The Despacho Project

A Despacho is a ceremony that has been performed for hundreds of years by the Laika, shamans of the Peruvian Q’ero lineage.  I learned about it during a weekend with Daniel Foor, a kind of modern day shaman, who facilitates ancestral healing workshops.  At the end of his workshop, Daniel laid down a square piece of cloth and delineated the four directions.  Participants were asked to bring grains, flowers, and other organic offerings.  Daniel began creating a symmetrical circular design with all of the grains, much like a Tibetan Sand Mandala.  We all joined in, adding lines and shapes to accentuate the symmetrical pattern.  Throughout the building of this mandala, Daniel would speak prayers and blessings into the grains before placing them on the fabric.  We followed his lead, holding a prayer in our hearts and minds as we funneled the beans, corn, rice into the larger design.  An hour or more later, it was complete.  We stared at in awe, a beautiful offering, a piece of art.  Then quite quickly, Daniel swept and gathered all of the grains into the center and tied it up into a tight package.  It would go into the fire after our sweat lodge as a blessing and a prayer to the ancestors and protectors.  The package was placed in the fire and the smoke sent our messages and prayers to the sky. 
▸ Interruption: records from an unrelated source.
lemma eventually_norm_le_half_of_rates:
  fixes z w :: "nat \<Rightarrow> 'a::real_normed_vector"
  assumes z: "(\<lambda>j. log 2 (norm (z j)) / real j) \<longlonglongrightarrow> \<alpha>"
    and w: "(\<lambda>j. log 2 (norm (w j)) / real j) \<longlonglongrightarrow> \<gamma>"
    and "\<gamma> < \<alpha>" and nz: "\<forall>\<^sub>F j in sequentially. z j \<noteq> 0"
  shows "\<forall>\<^sub>F j in sequentially. 2 * norm (w j) \<le> norm (z j)"
proof -
  have "(\<lambda>j. (log 2 (norm (z j)) - log 2 (norm (w j))) / real j) \<longlonglongrightarrow> \<alpha> - \<gamma>"
    using tendsto_diff[OF z w] by (simp add: diff_divide_distrib)
  then have gap: "\<forall>\<^sub>F j in sequentially. (\<alpha> - \<gamma>) / 2 < (log 2 (norm (z j)) - log 2 (norm (w j))) / real j"
    using \<open>\<gamma> < \<alpha>\<close> by (intro order_tendstoD(1)) auto
  have large: "\<forall>\<^sub>F j in sequentially. 1 \<le> (\<alpha> - \<gamma>) / 2 * real j"
    using \<open>\<gamma> < \<alpha>\<close> by real_asymp
  from gap large nz eventually_gt_at_top[of 0]
  show ?thesis
  proof eventually_elim
    case (elim j)
    show ?case
    proof (cases "w j = 0")
      case False
      have "log 2 (norm (w j)) + 1 \<le> log 2 (norm (z j))"
        using elim by (simp add: field_simps)
      then have "2 powr (log 2 (norm (w j)) + 1) \<le> 2 powr log 2 (norm (z j))"
        by simp
      then show ?thesis
        using False elim(3) by (simp add: powr_add)
    qed simp
  qed
qed

lemma eventually_norm_diff_gt_of_rates:
  fixes z w :: "nat \<Rightarrow> 'a::real_normed_vector"
  assumes z: "(\<lambda>j. log 2 (norm (z j)) / real j) \<longlonglongrightarrow> \<alpha>"
    and w: "(\<lambda>j. log 2 (norm (w j)) / real j) \<longlonglongrightarrow> \<gamma>"
    and "\<gamma> < \<alpha>" "\<beta> < \<alpha>" and nz: "\<forall>\<^sub>F j in sequentially. z j \<noteq> 0"
  shows "\<forall>\<^sub>F j in sequentially. 2 * real j * 2 powr (\<beta> * real j) < norm (z j - w j)"
proof -
  have half: "\<forall>\<^sub>F j in sequentially. 2 * norm (w j) \<le> norm (z j)"
    using z w \<open>\<gamma> < \<alpha>\<close> nz by (rule eventually_norm_le_half_of_rates)
  have "(\<lambda>j. log 2 (norm (z j)) / real j - (2 + log 2 (real j)) / real j) \<longlonglongrightarrow> \<alpha> - 0"
    by (intro tendsto_diff z) real_asymp
  then have big: "\<forall>\<^sub>F j in sequentially. \<beta> < log 2 (norm (z j)) / real j - (2 + log 2 (real j)) / real j"
    using \<open>\<beta> < \<alpha>\<close> by (intro order_tendstoD(1)) auto
  from half big nz eventually_gt_at_top[of 0] show ?thesis
  proof eventually_elim
    case (elim j)
    have "\<beta> * real j + 2 + log 2 (real j) < log 2 (norm (z j))"
      using elim(2,4) by (simp add: field_simps)
    then have "2 powr (\<beta> * real j + 2 + log 2 (real j)) < 2 powr log 2 (norm (z j))"
      by simp
    moreover have "2 powr (\<beta> * real j + 2 + log 2 (real j)) = 4 * real j * 2 powr (\<beta> * real j)"
      using elim(4) by (simp add: powr_add)
    ultimately have "4 * real j * 2 powr (\<beta> * real j) < norm (z j)"
      using elim(3) by simp
    then have "2 * real j * 2 powr (\<beta> * real j) < norm (z j) - norm (w j)"
      using elim(1) by simp
    also have "\<dots> \<le> norm (z j - w j)"
      by (rule norm_triangle_ineq2)
    finally show ?case .
  qed
qed

lemma window_endpoint_bounds:
  fixes \<epsilon> :: real assumes "0 \<le> \<epsilon>" "\<epsilon> \<le> 1"
  shows "(1 - \<epsilon>) * real j \<le> real (nat \<lceil>(1 - \<epsilon>) * real j\<rceil>)"
    and "real (nat \<lceil>(1 - \<epsilon>) * real j\<rceil>) \<le> (1 - \<epsilon>) * real j + 1"
    and "(1 + \<epsilon>) * real j - 1 \<le> real (nat \<lfloor>(1 + \<epsilon>) * real j\<rfloor>)"
    and "real (nat \<lfloor>(1 + \<epsilon>) * real j\<rfloor>) \<le> (1 + \<epsilon>) * real j"
  using assms by (auto simp: of_int_ceiling_le_add_one)

lemma eventually_window_endpoints_far_apart:
  fixes F :: "nat \<Rightarrow> 'a::real_normed_vector"
  assumes nz: "\<forall>\<^sub>F n in sequentially. F n \<noteq> 0"
    and rate: "(\<lambda>n. log 2 (norm (F n)) / real n) \<longlonglongrightarrow> \<beta>"
    and "\<beta> \<noteq> 0" "0 < \<epsilon>" "\<epsilon> < 1"
  shows "\<forall>\<^sub>F j in sequentially. 2 * real j * 2 powr (\<beta> * real j)
           < norm (F (nat \<lfloor>(1 + \<epsilon>) * real j\<rfloor>) - F (nat \<lceil>(1 - \<epsilon>) * real j\<rceil>))"
proof -
  define a where "a j = nat \<lceil>(1 - \<epsilon>) * real j\<rceil>" for j
  define b where "b j = nat \<lfloor>(1 + \<epsilon>) * real j\<rfloor>" for j
  note ends = window_endpoint_bounds[OF less_imp_le[OF \<open>0 < \<epsilon>\<close>] less_imp_le[OF \<open>\<epsilon> < 1\<close>], folded a_def b_def]
  have "\<bar>real (a j) - (1 - \<epsilon>) * real j\<bar> \<le> 1" for j
    using ends(1,2)[of j] by linarith
  then have a_ratio: "(\<lambda>j. real (a j) / real j) \<longlonglongrightarrow> 1 - \<epsilon>"
    by (rule tendsto_div_real_of_bounded_deviation)
  have "\<bar>real (b j) - (1 + \<epsilon>) * real j\<bar> \<le> 1" for j
    using ends(3,4)[of j] by linarith
  then have b_ratio: "(\<lambda>j. real (b j) / real j) \<longlonglongrightarrow> 1 + \<epsilon>"
    by (rule tendsto_div_real_of_bounded_deviation)
  have Fa: "(\<lambda>j. log 2 (norm (F (a j))) / real j) \<longlonglongrightarrow> \<beta> - \<beta> * \<epsilon>"
    using tendsto_rate_compose[OF rate a_ratio] \<open>\<epsilon> < 1\<close> by (simp add: algebra_simps)
  have Fb: "(\<lambda>j. log 2 (norm (F (b j))) / real j) \<longlonglongrightarrow> \<beta> + \<beta> * \<epsilon>"
    using tendsto_rate_compose[OF rate b_ratio] \<open>0 < \<epsilon>\<close> by (simp add: algebra_simps)
  have "filterlim a sequentially sequentially"
    using a_ratio by (rule filterlim_sequentially_of_ratio) (use \<open>\<epsilon> < 1\<close> in simp)
  then have a_nz: "\<forall>\<^sub>F j in sequentially. F (a j) \<noteq> 0"
    by (rule eventually_compose_filterlim[OF nz])
  have "filterlim b sequentially sequentially"
    using b_ratio by (rule filterlim_sequentially_of_ratio) (use \<open>0 < \<epsilon>\<close> in simp)
  then have b_nz: "\<forall>\<^sub>F j in sequentially. F (b j) \<noteq> 0"
    by (rule eventually_compose_filterlim[OF nz])
  have "0 < \<bar>\<beta>\<bar> * \<epsilon>"
    using \<open>\<beta> \<noteq> 0\<close> \<open>0 < \<epsilon>\<close> by simp
  show ?thesis
  proof (cases "\<beta> > 0")
    case True
    then show ?thesis
      using eventually_norm_diff_gt_of_rates[OF Fb Fa _ _ b_nz] \<open>0 < \<bar>\<beta>\<bar> * \<epsilon>\<close>
      unfolding a_def b_def by simp
  next
    case False
    then show ?thesis
      using eventually_norm_diff_gt_of_rates[OF Fa Fb _ _ a_nz] \<open>0 < \<bar>\<beta>\<bar> * \<epsilon>\<close>
      unfolding a_def b_def by (simp add: norm_minus_commute)
  qed
qed

lemma eventually_large_increment_in_window:
  fixes F Q :: "nat \<Rightarrow> 'a::real_normed_vector"
  assumes step: "\<And>l. norm (F (Suc l) - F l) \<le> norm (Q l)"
    and nz: "\<forall>\<^sub>F n in sequentially. F n \<noteq> 0"
    and rate: "(\<lambda>n. log 2 (norm (F n)) / real n) \<longlonglongrightarrow> \<beta>"
    and "\<beta> \<noteq> 0" "0 < \<epsilon>" "\<epsilon> < 1"
  shows "\<forall>\<^sub>F j in sequentially. \<exists>l. (1 - \<epsilon>) * real j \<le> real l \<and> real l \<le> (1 + \<epsilon>) * real j
           \<and> 2 powr (\<beta> * real j) < norm (Q l)"
proof -
  define a where "a j = nat \<lceil>(1 - \<epsilon>) * real j\<rceil>" for j
  define b where "b j = nat \<lfloor>(1 + \<epsilon>) * real j\<rfloor>" for j
  note ends = window_endpoint_bounds[OF less_imp_le[OF \<open>0 < \<epsilon>\<close>] less_imp_le[OF \<open>\<epsilon> < 1\<close>], folded a_def b_def]
  have far: "\<forall>\<^sub>F j in sequentially. 2 * real j * 2 powr (\<beta> * real j) < norm (F (b j) - F (a j))"
    unfolding a_def b_def using nz rate assms(4-6) by (rule eventually_window_endpoints_far_apart)
  have long: "\<forall>\<^sub>F j in sequentially. 1 \<le> \<epsilon> * real j"
    using \<open>0 < \<epsilon>\<close> by real_asymp
  from far long show ?thesis
  proof eventually_elim
    case (elim j)
    have "real (a j) \<le> real (b j)"
      using ends[of j] elim(2) by (simp add: algebra_simps)
    then have ab: "a j \<le> b j" by simp
    have "\<epsilon> * real j \<le> real j"
      using \<open>0 < \<epsilon>\<close> \<open>\<epsilon> < 1\<close> by (simp add: mult_left_le_one_le)
    then have "real (b j - a j) \<le> 2 * real j"
      using ends[of j] ab by (simp add: of_nat_diff algebra_simps)
    then have "real (b j - a j) * 2 powr (\<beta> * real j) \<le> 2 * real j * 2 powr (\<beta> * real j)"
      by (rule mult_right_mono) simp
    also have "\<dots> < norm (F (b j) - F (a j))"
      by (rule elim(1))
    finally have "real (b j - a j) * 2 powr (\<beta> * real j) < norm (F (b j) - F (a j))" .
    then obtain l where l: "a j \<le> l" "l < b j" and "2 powr (\<beta> * real j) < norm (Q l)"
      using exists_large_increment[where F = F and Q = Q, OF step ab] by (meson atLeastLessThan_iff)
    moreover have "(1 - \<epsilon>) * real j \<le> real l"
      using ends(1)[of j] l(1) by linarith
    moreover have "real l \<le> (1 + \<epsilon>) * real j"
      using ends(4)[of j] l(2) by linarith
    ultimately show ?case
      by blast
  qed
qed

lemma lg_div_eq_log:
  assumes "z \<noteq> 0" "0 < n"
  shows "lg z / ereal (real n * ln 2) = ereal (log 2 (cmod z) / real n)"
  using assms by (simp add: lg_def log_def field_simps)

lemma log_rate_of_lg_rate:
  fixes F :: "nat \<Rightarrow> complex"
  assumes lim: "(\<lambda>n. lg (F n) / ereal (real n * ln 2)) \<longlonglongrightarrow> ereal \<beta>"
  shows "\<forall>\<^sub>F n in sequentially. F n \<noteq> 0"
    and "(\<lambda>n. log 2 (cmod (F n)) / real n) \<longlonglongrightarrow> \<beta>"
proof -
  have "\<forall>\<^sub>F n in sequentially. ereal (\<beta> - 1) < lg (F n) / ereal (real n * ln 2)"
    using lim by (rule order_tendstoD) simp
  with eventually_gt_at_top[of 0]
  show nz: "\<forall>\<^sub>F n in sequentially. F n \<noteq> 0"
    by eventually_elim (auto simp: lg_def)
  have "\<forall>\<^sub>F n in sequentially. lg (F n) / ereal (real n * ln 2) = ereal (log 2 (cmod (F n)) / real n)"
    using nz eventually_gt_at_top[of 0] by eventually_elim (rule lg_div_eq_log)
  with lim have "(\<lambda>n. ereal (log 2 (cmod (F n)) / real n)) \<longlonglongrightarrow> ereal \<beta>"
    by (rule Lim_transform_eventually)
  then show "(\<lambda>n. log 2 (cmod (F n)) / real n) \<longlonglongrightarrow> \<beta>"
    by (simp add: lim_ereal)
qed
I have always loved the ritual Tibetan monks perform with sand mandalas.  I found the Despacho so similar, a mandala imbued with blessings and prayers, a work of art for the sake of beauty and love, and spiritual communion.  The hasty destruction of the sand mandala, the pain of impermanence that I feel watching it change, and then it’s journey down a moving body of water – a chance for it to spread it’s prayers and blessings in the world.  This communal ritual invites us to explore our humanity and connections to each other and the earth. 
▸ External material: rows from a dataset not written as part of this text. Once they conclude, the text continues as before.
lemma finite_subsets_seq_accumulation_point:
  assumes T1: "t1_space T" and D: "D \<subseteq> topspace T"
    and disjoint_accumulating: "\<And>s. \<forall>n. finite (s n) \<and> s n \<noteq> {} \<and> s n \<subseteq> D \<Longrightarrow>
        \<forall>m n. m \<noteq> n \<longrightarrow> s m \<inter> s n = {} \<Longrightarrow> \<exists>F. seq_accumulation_point (vietoris T) s F"
    and E: "\<forall>n. finite (E n) \<and> E n \<noteq> {} \<and> E n \<subseteq> D"
  shows "\<exists>G. seq_accumulation_point (vietoris T) E G"
proof -
  obtain Y U V where "infinite Y" and dissection: "nice_dissection E Y U V"
    using exists_nice_dissection[of E UNIV] E by auto
  then have U_mono: "\<And>n m. n \<in> Y \<Longrightarrow> m \<in> Y \<Longrightarrow> n < m \<Longrightarrow> U n \<subseteq> U m"
    and V_disjoint: "\<And>n m. n \<in> Y \<Longrightarrow> m \<in> Y \<Longrightarrow> n \<noteq> m \<Longrightarrow> V n \<inter> V m = {}"
    and E_Un: "\<And>n. n \<in> Y \<Longrightarrow> E n = U n \<union> V n"
    unfolding nice_dissection_def by blast+
  obtain h :: "nat \<Rightarrow> nat" where h: "strict_mono h" "range h \<subseteq> Y"
    and homogeneous: "(\<forall>k. V (h k) = {}) \<or> (\<forall>k. V (h k) \<noteq> {})"
    by (rule infinite_homogeneous_subseq[OF \<open>infinite Y\<close>, where P = "\<lambda>n. V n = {}"])
  then have h_Y: "h k \<in> Y" for k
    by blast
  have "mono (U \<circ> h)"
  proof (rule monoI)
    fix k j :: nat assume "k \<le> j"
    then have "h k \<le> h j"
      using h(1) by (simp add: strict_mono_less_eq)
    then show "(U \<circ> h) k \<subseteq> (U \<circ> h) j"
      using U_mono h_Y by (cases "h k = h j") auto
  qed
  have E_h: "E \<circ> h = (\<lambda>k. (U \<circ> h) k \<union> (V \<circ> h) k)"
    using E_Un h_Y by (simp add: fun_eq_iff)
  have CL_h: "(U \<circ> h) k \<union> (V \<circ> h) k \<in> CL T" for k
  proof -
    have "E (h k) \<in> CL T"
      using E D by (intro finite_in_CL[OF T1]) auto
    then show ?thesis
      using E_Un h_Y by simp
  qed
  from homogeneous have "\<exists>G. seq_accumulation_point (vietoris T) (E \<circ> h) G"
  proof
    assume V_empty: "\<forall>k. V (h k) = {}"
    then have "E \<circ> h = U \<circ> h"
      using E_h by (simp add: fun_eq_iff)
    moreover have "(U \<circ> h) k \<in> CL T" for k
      using CL_h[of k] V_empty by simp
    then have "seq_accumulation_point (vietoris T) (U \<circ> h) (T closure_of \<Union>(range (U \<circ> h)))"
      by (rule seq_accumulation_point_vietoris_mono[OF \<open>mono (U \<circ> h)\<close>])
    ultimately show ?thesis
      by auto
  next
    assume nonempty: "\<forall>k. V (h k) \<noteq> {}"
    have "V (h n) \<subseteq> E (h n)" for n
      by (simp add: E_Un h_Y)
    then have "\<forall>n. finite ((V \<circ> h) n) \<and> (V \<circ> h) n \<noteq> {} \<and> (V \<circ> h) n \<subseteq> D"
      using E nonempty by (auto intro: finite_subset)
    moreover have "\<forall>m n. m \<noteq> n \<longrightarrow> (V \<circ> h) m \<inter> (V \<circ> h) n = {}"
      using V_disjoint h_Y strict_mono_eq[OF h(1)] by simp
    ultimately have "\<exists>F. seq_accumulation_point (vietoris T) (V \<circ> h) F"
      by (rule disjoint_accumulating)
    then obtain F where "seq_accumulation_point (vietoris T) (V \<circ> h) F" ..
    then have "seq_accumulation_point (vietoris T) (E \<circ> h) (F \<union> T closure_of \<Union>(range (U \<circ> h)))"
      unfolding E_h by (rule seq_accumulation_point_vietoris_Un_accumulation[OF \<open>mono (U \<circ> h)\<close> CL_h])
    then show ?thesis ..
  qed
  then obtain G where "seq_accumulation_point (vietoris T) (E \<circ> h) G" ..
  then have "seq_accumulation_point (vietoris T) E G"
    by (rule seq_accumulation_point_subseq[OF h(1)])
  then show ?thesis ..
qed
I began this wood carving a year ago at least, just wanting to carve something, wanting it to be organic and plant-like in form.  As I worked on it, the piece started telling me it needed a second, it needed more carvings around it.  I saw it looking like a mandala – that sacred circle.  Instead of a generic plant form, it began to look like a piece of wheat.  Wheat is a symbol of America.  Wheat has been hybridized to grow faster and taller to meet a growing population, a symbol of capitalism and materialism.  What if I added corn and other plants that have been modified to meet our needs for meat?  What other plants have been misused by us to contribute to our global decline? 

wheat 1.JPG


With that in mind, this piece will be a kind of apology to the earth, an acknowledgement of our failures as inheritors of the land and the price we’ve paid for our missteps.  It will also be an offering back, a piece of beauty to say thank you and I’m sorry.  As Dr. Alberto Villoldo says, “{The despacho ceremony has been used for} a wide variety of occasions – births, deaths, as an expression of gratitude, to heal physical and emotional ailments, to restore balance and harmony, or when there is a specific request of the spirit world.”  Let’s use this ceremony to heal. 
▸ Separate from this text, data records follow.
(* Let $d=2q\ge 4$ be fixed and let $Y$ be the number of Hamilton cycles obeying the traffic rules in the random bipartite multigraph $B^*(n,q)$ defined below. Then $$\mathbb{E}(Y)=\Theta\!\left(\left(\frac{(d-1)(d-2)^{d-2}}{d^{d-2}}\right)^{n}\right)$$ as $n\to\infty$. Hence $\mathbb{E}(Y)\to 0$ for $d\le 6$ and $\mathbb{E}(Y)\to\infty$ for $d\ge 8$.
   Context: $B^*(n,q)$: there are $n$ plain and $n$ coloured vertices, each with $d=2q$ half-edges; at each coloured vertex the half-edges are partitioned into $q$ designated pairs. A uniformly random bijection between the $dn$ plain half-edges and the $dn$ coloured half-edges is chosen, each matched pair being an edge. A Hamilton cycle (a cyclic sequence through all $2n$ vertices alternately plain and coloured, specified by the half-edges/edges of the configuration it uses) obeys the traffic rules if at each coloured vertex the two half-edges it uses form a designated pair. $Y$ counts such cycles (equivalently, rainbow Hamilton cycles in the randomly coloured configuration-model $2q$-regular multigraph with $n$ colours, $q$ edges per colour). *)

theory Defs
  imports "HOL-Analysis.Analysis" "HOL-Library.FuncSet" "HOL-Library.Landau_Symbols"
begin

text \<open>Plain half-edges are pairs (v,i) with v < n, i < d
  (half-edge i at plain vertex v); coloured half-edges are pairs (w,j) with w < n, j < d.
  At each coloured vertex the designated pairs are {2k, 2k+1}, k < q.\<close>

definition half_edges :: "nat \<Rightarrow> nat \<Rightarrow> (nat \<times> nat) set" where
  "half_edges n q = {..<n} \<times> {..<2*q}"

text \<open>All configurations: bijections plain half-edges -> coloured half-edges
  (extensional outside the plain half-edges, so that they are counted once each).\<close>
definition configurations :: "nat \<Rightarrow> nat \<Rightarrow> ((nat \<times> nat) \<Rightarrow> (nat \<times> nat)) set" where
  "configurations n q =
     {\<sigma> \<in> half_edges n q \<rightarrow>\<^sub>E half_edges n q. bij_betw \<sigma> (half_edges n q) (half_edges n q)}"

definition designated_pair :: "nat \<Rightarrow> nat \<Rightarrow> bool" where
  "designated_pair j j' \<longleftrightarrow> j \<noteq> j' \<and> j div 2 = j' div 2"

text \<open>A Hamilton cycle obeying the traffic rules, given as the set H of plain half-edges
  (each identifying one edge of the configuration) that it uses. The cycle is
  p 0, c 0, p 1, c 1, ..., p (n-1), c (n-1), p 0; the edge p i -- c i uses plain half-edge
  a i (at p i), the edge c i -- p ((i+1) mod n) uses plain half-edge b i (at p ((i+1) mod n)).\<close>
definition traffic_ham_cycle :: "nat \<Rightarrow> nat \<Rightarrow> ((nat \<times> nat) \<Rightarrow> (nat \<times> nat)) \<Rightarrow> (nat \<times> nat) set \<Rightarrow> bool" where
  "traffic_ham_cycle n q \<sigma> H \<longleftrightarrow>
     (\<exists>(p :: nat \<Rightarrow> nat) (c :: nat \<Rightarrow> nat) (a :: nat \<Rightarrow> nat \<times> nat) (b :: nat \<Rightarrow> nat \<times> nat).
        bij_betw p {..<n} {..<n} \<and> bij_betw c {..<n} {..<n} \<and>
        (\<forall>i<n. a i \<in> half_edges n q \<and> fst (a i) = p i \<and>
               b i \<in> half_edges n q \<and> fst (b i) = p ((i + 1) mod n) \<and>
               fst (\<sigma> (a i)) = c i \<and> fst (\<sigma> (b i)) = c i \<and>
               designated_pair (snd (\<sigma> (a i))) (snd (\<sigma> (b i))) \<and>
               a ((i + 1) mod n) \<noteq> b i) \<and>
        H = a ` {..<n} \<union> b ` {..<n})"

definition Y :: "nat \<Rightarrow> nat \<Rightarrow> ((nat \<times> nat) \<Rightarrow> (nat \<times> nat)) \<Rightarrow> nat" where
  "Y n q \<sigma> = card {H. traffic_ham_cycle n q \<sigma> H}"

definition EY :: "nat \<Rightarrow> nat \<Rightarrow> real" where
  "EY n q = (\<Sum>\<sigma>\<in>configurations n q. real (Y n q \<sigma>)) / real (card (configurations n q))"

end

theory Submission
  imports Defs "HOL-Number_Theory.Cong"
begin

(* Write a Hamilton cycle obeying the traffic rules as a tour (p, c, a, b): the orders p, c of the
   plain and coloured vertices along the cycle and the plain half-edges a i, b i it uses. The n
   rotations of a tour have the same edge set, and a tour is determined by its edge set and its
   first half-edge, so every such cycle comes from between n and 2n tours. There are
   n!^2 (2q)^n (2q-1)^n tours, and a fixed tour is realised by (2q)^n (2qn-2n)! of the (2qn)!
   configurations: choose the designated pair used at each coloured vertex, then match the
   remaining half-edges freely. Hence E(Y) is within a factor 2 of
   n!^2 (2q)^(2n) (2q-1)^n (kn)! / (n ((k+2)n)!) with k = 2q - 2, and Stirling's formula with an
   error term between 1/2 and 1 turns this into Theta(r^n), r = (k+1) k^k / (k+2)^k. *)

section \<open>Crude Stirling bounds\<close>

lemma ln_one_plus_ge_rational:
  fixes x :: real
  assumes "0 \<le> x"
  shows "2 * x / (2 + x) \<le> ln (1 + x)"
proof -
  let ?f = "\<lambda>t::real. ln (1 + t) - 2 * t / (2 + t)"
  have "?f 0 \<le> ?f x"
  proof (rule DERIV_nonneg_imp_increasing_open[OF assms])
    fix t :: real assume t: "0 < t" "t < x"
    have "(?f has_real_derivative (1 / (1 + t) - 4 / (2 + t)^2)) (at t)"
      using t by (auto intro!: derivative_eq_intros simp: power2_eq_square)
    moreover have "1 / (1 + t) - 4 / (2 + t)^2 = t^2 / ((1 + t) * (2 + t)^2)"
      using t by (simp add: divide_simps power2_eq_square) (simp add: algebra_simps)
    moreover have "t^2 / ((1 + t) * (2 + t)^2) \<ge> 0"
      using t by simp
    ultimately show "\<exists>y. DERIV ?f t :> y \<and> 0 \<le> y" by metis
  qed (intro continuous_intros; auto)
  then show ?thesis by simp
qed

lemma ln_one_plus_le_cubic:
  fixes x :: real
  assumes "0 \<le> x"
  shows "ln (1 + x) \<le> x - x^2 / 2 + x^3 / 3"
proof -
  let ?f = "\<lambda>t::real. t - t^2 / 2 + t^3 / 3 - ln (1 + t)"
  have "?f 0 \<le> ?f x"
  proof (rule DERIV_nonneg_imp_increasing_open[OF assms])
    fix t :: real assume t: "0 < t" "t < x"
    have "(?f has_real_derivative (1 - t + t^2 - 1 / (1 + t))) (at t)"
      using t by (auto intro!: derivative_eq_intros simp: power2_eq_square)
    moreover have "1 - t + t^2 - 1 / (1 + t) = t^3 / (1 + t)"
      using t by (simp add: field_simps power2_eq_square power3_eq_cube)
    moreover have "t^3 / (1 + t) \<ge> 0"
      using t by simp
    ultimately show "\<exists>y. DERIV ?f t :> y \<and> 0 \<le> y" by metis
  qed (intro continuous_intros; auto)
  then show ?thesis by simp
qed

definition stirling_error :: "nat \<Rightarrow> real" where
  "stirling_error m = ln (fact m) + real m - (real m + 1/2) * ln (real m)"

lemma fact_eq_stirling_error:
  assumes "m \<ge> 1"
  shows "(fact m :: real) = exp (stirling_error m) * sqrt (real m) * (real m / exp 1) ^ m"
proof -
  have m: "real m > 0" using assms by simp
  have "exp ((real m + 1/2) * ln (real m)) = real m powr (real m + 1/2)"
    using m by (simp add: powr_def)
  also have "\<dots> = real m powr (real m) * real m powr (1/2)"
    using m by (simp add: powr_add)
  also have "\<dots> = real m ^ m * sqrt (real m)"
    using m by (simp add: powr_realpow powr_half_sqrt)
  finally have pow: "exp ((real m + 1/2) * ln (real m)) = real m ^ m * sqrt (real m)" .
  have "exp (stirling_error m) = fact m * exp (real m) / exp ((real m + 1/2) * ln (real m))"
    unfolding stirling_error_def by (simp add: exp_diff exp_add)
  moreover have "exp (real m) = exp 1 ^ m"
    by (simp add: exp_of_nat_mult[symmetric])
  ultimately show ?thesis
    using m unfolding pow by (simp add: power_divide field_simps)
qed

lemma stirling_error_diff:
  assumes "m \<ge> 1"
  shows "stirling_error m - stirling_error (Suc m) = (real m + 1/2) * ln (1 + 1 / real m) - 1"
proof -
  have m: "real m > 0" using assms by simp
  have "1 + 1 / real m = (real m + 1) / real m"
    using m by (simp add: field_simps)
  then have ln_quot: "ln (1 + 1 / real m) = ln (real m + 1) - ln (real m)"
    using m by (simp add: ln_div)
  have Suc_eq: "stirling_error (Suc m)
      = ln (real m + 1) + ln (fact m) + (real m + 1) - (real m + 1 + 1/2) * ln (real m + 1)"
    unfolding stirling_error_def by (simp add: ln_mult del: of_nat_Suc) (simp add: algebra_simps)
  show ?thesis
    unfolding ln_quot Suc_eq by (simp add: stirling_error_def algebra_simps)
qed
I’ll be posting updates to this piece as I go.  I imagine this piece including others as the mandala gets bigger.  In Tibetan, mandala means circle, but it also means community.  Once the piece has a foundation, I will welcome in other artists to contribute their work to the mandala.  One idea is to have viewers add notes, prayers, and apologies to the wall or floor around the piece.  Another idea, is to burn the piece in ritual and offering. 

What comes of appropriating a ceremony to bring attention to our global crisis?  Maybe it gives one pause to contemplate how we contribute to the crisis.  Maybe it gives one an outlet to express their grief.  Maybe it gives one hope that we have the capacity to change.  Maybe it empowers someone to make change.